When you’re done filling out the form, which is the easier part, you have to find the Undergraduate Advisor of your faculty and an Undergraduate Advisor of the faculty you’re trying to major/minor in. For me, that was Dr. Barnes and one of these cool people. They sign your sheet, and then you’re free to drop it into the Science Advising office (which by the way, due to renovations, has temporarily moved to Ponderosa G, 2044 Lower Mall; there’s a huge sign near it). They’ll sign the “Faculty of Science” part, and you’ll receive an email sometime over the next few weeks confirming that you’ll be majoring/minoring in XYZ. The time from hand-in to email took abnormally long, but I was told in advance that it was because the person who processed these forms would be gone for a month. You might have a speedier response time. And unless you aren’t in good academic standing at UBC (i.e. you have a failing GPA), you should face no problems whatsoever getting this process done.
Some caveats: You have until the end of your third year (according to what’s on your Proof of Enrolment) to declare a double major/minor. You can double major/minor in two Science specializations or Science and Arts, with some limitations. For instance, if you are in Behavioural Neuroscience, you can’t double major/minor in Psychology. But that’s kind of a given.

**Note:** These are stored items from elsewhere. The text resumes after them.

lemma
  fixes a :: "'i \<Rightarrow> real"
  assumes "finite I"
  shows integrable_exp_inner_std_gaussian:
      "integrable (std_gaussian I) (\<lambda>G. exp (\<Sum>e\<in>I. a e * G e))"
    and integral_exp_inner_std_gaussian:
      "(\<integral>G. exp (\<Sum>e\<in>I. a e * G e) \<partial>std_gaussian I) = exp ((\<Sum>e\<in>I. (a e)\<^sup>2) / 2)"
proof -
  interpret product_sigma_finite "\<lambda>_. density lborel std_normal_density"
    unfolding product_sigma_finite_def
    by (simp add: prob_space_imp_sigma_finite prob_space_normal_density)
  have prod: "(\<lambda>G. exp (\<Sum>e\<in>I. a e * G e)) = (\<lambda>G. \<Prod>e\<in>I. exp (a e * G e))"
    using assms by (simp add: exp_sum)
  show "integrable (std_gaussian I) (\<lambda>G. exp (\<Sum>e\<in>I. a e * G e))"
    unfolding prod std_gaussian_def using assms
    by (intro product_integrable_prod integrable_exp_mult_std_normal)
  show "(\<integral>G. exp (\<Sum>e\<in>I. a e * G e) \<partial>std_gaussian I) = exp ((\<Sum>e\<in>I. (a e)\<^sup>2) / 2)"
    unfolding prod std_gaussian_def using assms
    by (subst product_integral_prod)
       (auto simp: integrable_exp_mult_std_normal integral_exp_mult_std_normal exp_sum sum_divide_distrib)
qed

text \<open>The exponential-moment (soft-max) bound: for \<open>t > 0\<close>,
  \<open>t \<langle>a, G\<rangle> \<le> L - 1 + exp (t \<langle>a, G\<rangle> - L)\<close>, and the exponential terms summed over \<open>A\<close>
  have expectation at most \<open>exp L\<close>.\<close>
lemma integral_std_gaussian_le_finite_family:
  fixes A :: "('i \<Rightarrow> real) set" and X :: "('i \<Rightarrow> real) \<Rightarrow> real"
  assumes I: "finite I" and A: "finite A" "A \<noteq> {}"
    and norm: "\<And>a. a \<in> A \<Longrightarrow> (\<Sum>e\<in>I. (a e)\<^sup>2) \<le> s"
    and t: "t > 0"
    and L: "real (card A) * exp (t\<^sup>2 * s / 2) \<le> exp L"
    and dominated: "\<And>G. \<exists>a\<in>A. X G \<le> (\<Sum>e\<in>I. a e * G e)"
  shows "(\<integral>G. X G \<partial>std_gaussian I) \<le> L / t"
proof -
  interpret prob_space "std_gaussian I" by (rule prob_space_std_gaussian)
  define Z where "Z G = (\<Sum>a\<in>A. exp (\<Sum>e\<in>I. (t * a e) * G e))" for G :: "'i \<Rightarrow> real"
  have exp_inner_eq: "exp (\<Sum>e\<in>I. (t * a e) * G e) = exp (t * (\<Sum>e\<in>I. a e * G e))" for a G
    by (simp add: sum_distrib_left mult.assoc)
  have pointwise: "t * X G \<le> L - 1 + Z G / exp L" for G
  proof -
    obtain a where a: "a \<in> A" "X G \<le> (\<Sum>e\<in>I. a e * G e)" using dominated by blast
    define u where "u = t * (\<Sum>e\<in>I. a e * G e)"
    have "t * X G \<le> u" using a t by (simp add: u_def)
    also have "u \<le> L - 1 + exp (u - L)"
      using exp_ge_add_one_self[of "u - L"] by linarith
    also have "exp (u - L) \<le> Z G / exp L"
      unfolding exp_diff Z_def u_def exp_inner_eq
      by (intro divide_right_mono member_le_sum[where f="\<lambda>a. exp (t * (\<Sum>e\<in>I. a e * G e))"])
         (use a A in auto)
    finally show ?thesis by simp
  qed
  have int_Z: "integrable (std_gaussian I) Z"
    unfolding Z_def using I by (intro Bochner_Integration.integrable_sum integrable_exp_inner_std_gaussian)
  have "(\<integral>G. Z G \<partial>std_gaussian I) = (\<Sum>a\<in>A. exp (t\<^sup>2 * (\<Sum>e\<in>I. (a e)\<^sup>2) / 2))"
    unfolding Z_def using I
    by (simp add: Bochner_Integration.integral_sum integrable_exp_inner_std_gaussian
        integral_exp_inner_std_gaussian power_mult_distrib sum_distrib_left)
  also have "\<dots> \<le> (\<Sum>a\<in>A. exp (t\<^sup>2 * s / 2))"
    using norm by (intro sum_mono) (simp add: mult_left_mono)
  also have "\<dots> \<le> exp L" using L by simp
  finally have EZ: "(\<integral>G. Z G \<partial>std_gaussian I) \<le> exp L" .
  have L_nonneg: "L \<ge> 0"
  proof -
    have "1 \<le> real (card A)" using A by (simp add: Suc_leI card_gt_0_iff)
    moreover have "s \<ge> 0"
    proof -
      obtain a where "a \<in> A" using A by blast
      then show ?thesis using norm[of a] sum_nonneg[of I "\<lambda>e. (a e)\<^sup>2"] by simp
    qed
    then have "1 \<le> exp (t\<^sup>2 * s / 2)" by simp
    ultimately have "1 * 1 \<le> exp L" using L by (meson mult_mono order_trans zero_le_one)
    then show ?thesis by simp
  qed
  show ?thesis
  proof (cases "integrable (std_gaussian I) X")
    case True
    have "t * (\<integral>G. X G \<partial>std_gaussian I) = (\<integral>G. t * X G \<partial>std_gaussian I)" by simp
    also have "\<dots> \<le> (\<integral>G. L - 1 + Z G / exp L \<partial>std_gaussian I)"
      using True int_Z pointwise by (intro integral_mono) auto
    also have "\<dots> = L - 1 + (\<integral>G. Z G \<partial>std_gaussian I) / exp L"
      using int_Z by (simp add: prob_space)
    also have "\<dots> \<le> L" using EZ by (simp add: divide_le_eq)
    finally show ?thesis using t by (simp add: pos_le_divide_eq mult.commute)
  next
    case False
    then show ?thesis using L_nonneg t by (simp add: not_integrable_integral_eq)
  qed
qed

definition adj :: "((nat \<times> nat) \<Rightarrow> real) \<Rightarrow> nat \<Rightarrow> nat \<Rightarrow> bool" where
  "adj y a b \<longleftrightarrow> (if a < b then y (a, b) = 1 else b < a \<and> y (b, a) = 1)"

definition common_neighbours :: "nat \<Rightarrow> ((nat \<times> nat) \<Rightarrow> real) \<Rightarrow> nat \<Rightarrow> nat \<Rightarrow> nat set" where
  "common_neighbours N y i j = {k \<in> {1..N}. adj y i k \<and> adj y j k}"

definition triangle_set :: "nat \<Rightarrow> ((nat \<times> nat) \<Rightarrow> real) \<Rightarrow> (nat \<times> nat \<times> nat) set" where
  "triangle_set N y = {(a, b, c). 1 \<le> a \<and> a < b \<and> b < c \<and> c \<le> N \<and>
      y (a, b) = 1 \<and> y (a, c) = 1 \<and> y (b, c) = 1}"

definition triples_through :: "nat \<times> nat \<Rightarrow> (nat \<times> nat \<times> nat) set" where
  "triples_through e = {(a, b, c). (a, b) = e \<or> (a, c) = e \<or> (b, c) = e}"

definition triangle_with_apex :: "nat \<Rightarrow> nat \<Rightarrow> nat \<Rightarrow> nat \<times> nat \<times> nat" where
  "triangle_with_apex i j k = (if k < i then (k, i, j) else if k < j then (i, k, j) else (i, j, k))"

lemma finite_triangle_set: "finite (triangle_set N y)"
  by (rule finite_subset[of _ "{1..N} \<times> {1..N} \<times> {1..N}"]) (auto simp: triangle_set_def)

lemma triangle_set_upd_minus:
  "triangle_set N (y(e := -1)) = triangle_set N (y(e := 1)) - triples_through e"
  unfolding triangle_set_def triples_through_def by auto

lemma triangle_set_upd_plus_through:
  assumes e: "(i, j) \<in> edges N"
  shows "triangle_set N (y((i, j) := 1)) \<inter> triples_through (i, j)
      = triangle_with_apex i j ` common_neighbours N y i j"
proof
  have ij: "1 \<le> i" "i < j" "j \<le> N" using e by (auto simp: edges_def)
  show "triangle_set N (y((i, j) := 1)) \<inter> triples_through (i, j)
      \<subseteq> triangle_with_apex i j ` common_neighbours N y i j"
  proof
    fix t assume t: "t \<in> triangle_set N (y((i, j) := 1)) \<inter> triples_through (i, j)"
    obtain a b c where abc: "t = (a, b, c)" by (cases t)
    consider "(a, b) = (i, j)" | "(a, c) = (i, j)" | "(b, c) = (i, j)"
      using t abc by (auto simp: triples_through_def)
    then obtain k where "t = triangle_with_apex i j k" "k \<in> common_neighbours N y i j"
    proof cases
      case 1 then show ?thesis
        using that[of c] t abc ij by (auto simp: triangle_set_def triangle_with_apex_def common_neighbours_def adj_def)
    next
      case 2 then show ?thesis
        using that[of b] t abc ij by (auto simp: triangle_set_def triangle_with_apex_def common_neighbours_def adj_def)
    next
      case 3 then show ?thesis
        using that[of a] t abc ij by (auto simp: triangle_set_def triangle_with_apex_def common_neighbours_def adj_def)
    qed
    then show "t \<in> triangle_with_apex i j ` common_neighbours N y i j" by blast
  qed
  show "triangle_with_apex i j ` common_neighbours N y i j
      \<subseteq> triangle_set N (y((i, j) := 1)) \<inter> triples_through (i, j)"
    using ij by (auto simp: triangle_set_def triangle_with_apex_def common_neighbours_def adj_def
        triples_through_def split: if_splits)
qed

lemma inj_on_triangle_with_apex: "inj_on (triangle_with_apex i j) (common_neighbours N y i j)"
proof
  fix k l assume "k \<in> common_neighbours N y i j" "l \<in> common_neighbours N y i j"
    and "triangle_with_apex i j k = triangle_with_apex i j l"
  moreover from calculation have "k \<noteq> i" "k \<noteq> j" "l \<noteq> i" "l \<noteq> j"
    by (auto simp: common_neighbours_def adj_def)
  ultimately show "k = l" by (auto simp: triangle_with_apex_def split: if_splits)
qed

lemma triangles_upd_diff:
  assumes e: "(i, j) \<in> edges N"
  shows "real (triangles N (y((i, j) := 1))) - real (triangles N (y((i, j) := -1)))
       = real (card (common_neighbours N y i j))"
proof -
  let ?T = "triangle_set N (y((i, j) := 1))" and ?H = "triples_through (i, j)"
  have "card ?T = card (?T - ?H) + card (?T \<inter> ?H)"
    by (metis card_Int_Diff finite_triangle_set add.commute)
  also have "card (?T \<inter> ?H) = card (common_neighbours N y i j)"
    using triangle_set_upd_plus_through[OF e] card_image[OF inj_on_triangle_with_apex] by simp
  finally show ?thesis
    unfolding triangles_def triangle_set_def[symmetric] triangle_set_upd_minus
    by (metis add_diff_cancel_left' of_nat_add)
qed

definition clique_indicator :: "nat set \<Rightarrow> nat \<times> nat \<Rightarrow> real" where
  "clique_indicator S e = (if fst e \<in> S \<and> snd e \<in> S then 1 else 0)"

definition neighbourhood :: "nat \<Rightarrow> ((nat \<times> nat) \<Rightarrow> real) \<Rightarrow> nat \<Rightarrow> nat set" where
  "neighbourhood N y k = {a \<in> {1..N}. adj y a k}"

definition scaled_triangles :: "nat \<Rightarrow> ((nat \<times> nat) \<Rightarrow> real) \<Rightarrow> real" where
  "scaled_triangles N y = real (triangles N y) / real N"

lemma finite_edges: "finite (edges N)"
  by (rule finite_subset[of _ "{1..N} \<times> {1..N}"]) (auto simp: edges_def)

lemma card_edges_le: "card (edges N) \<le> N\<^sup>2"
proof -
  have "card (edges N) \<le> card ({1..N} \<times> {1..N})"
    by (rule card_mono) (auto simp: edges_def)
  then show ?thesis by (simp add: power2_eq_square)
qed

lemma card_common_neighbours_le: "card (common_neighbours N y i j) \<le> N"
proof -
  have "card (common_neighbours N y i j) \<le> card {1..N}"
    by (rule card_mono) (auto simp: common_neighbours_def)
  then show ?thesis by simp
qed

lemma dpartial_scaled_triangles:
  assumes "(i, j) \<in> edges N"
  shows "dpartial (scaled_triangles N) (i, j) y = real (card (common_neighbours N y i j)) / (2 * real N)"
  using triangles_upd_diff[OF assms, of y]
  unfolding dpartial_def scaled_triangles_def by (simp add: diff_divide_distrib[symmetric])

lemma card_common_neighbours_eq_sum:
  assumes "(i, j) \<in> edges N"
  shows "real (card (common_neighbours N y i j))
      = (\<Sum>k\<in>{1..N}. clique_indicator (neighbourhood N y k) (i, j))"
proof -
  have "i \<in> {1..N}" "j \<in> {1..N}" using assms by (auto simp: edges_def)
  then have "{1..N} \<inter> {k. i \<in> neighbourhood N y k \<and> j \<in> neighbourhood N y k}
      = common_neighbours N y i j"
    by (auto simp: neighbourhood_def common_neighbours_def)
  then show ?thesis
    by (simp add: sum.If_cases clique_indicator_def)
qed

lemma inner_dgrad_scaled_triangles_eq:
  assumes "N > 0"
  shows "2 * real N * (\<Sum>e\<in>edges N. dgrad N (scaled_triangles N) y e * G e)
      = (\<Sum>k\<in>{1..N}. \<Sum>e\<in>edges N. clique_indicator (neighbourhood N y k) e * G e)"
proof -
  have "2 * real N * (\<Sum>e\<in>edges N. dgrad N (scaled_triangles N) y e * G e)
      = (\<Sum>e\<in>edges N. \<Sum>k\<in>{1..N}. clique_indicator (neighbourhood N y k) e * G e)"
    unfolding sum_distrib_left
  proof (rule sum.cong)
    fix e assume "e \<in> edges N"
    moreover obtain i j where "e = (i, j)" by (cases e)
    ultimately show "2 * real N * (dgrad N (scaled_triangles N) y e * G e)
        = (\<Sum>k\<in>{1..N}. clique_indicator (neighbourhood N y k) e * G e)"
      using assms by (simp add: dgrad_def dpartial_scaled_triangles
          card_common_neighbours_eq_sum sum_distrib_right)
  qed simp
  also have "\<dots> = (\<Sum>k\<in>{1..N}. \<Sum>e\<in>edges N. clique_indicator (neighbourhood N y k) e * G e)"
    by (rule sum.swap)
  finally show ?thesis .
qed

Also, I’d like to note that a double major and a dual degree are NOT the same. It surprised me a little when I told people that I was double majoring, they thought that I was actually getting a dual degree. A dual degree requires at least 5 years of schoolwork, but you come out of it with two Bachelor’s, a BSc and a BA. A double major just gets you one major (so for me, a BSc) with some recognition that you did other work. If you play your cards right with a double major, you could finish up your undergrad in the standard 4 year timeline. If you wanted to, that is.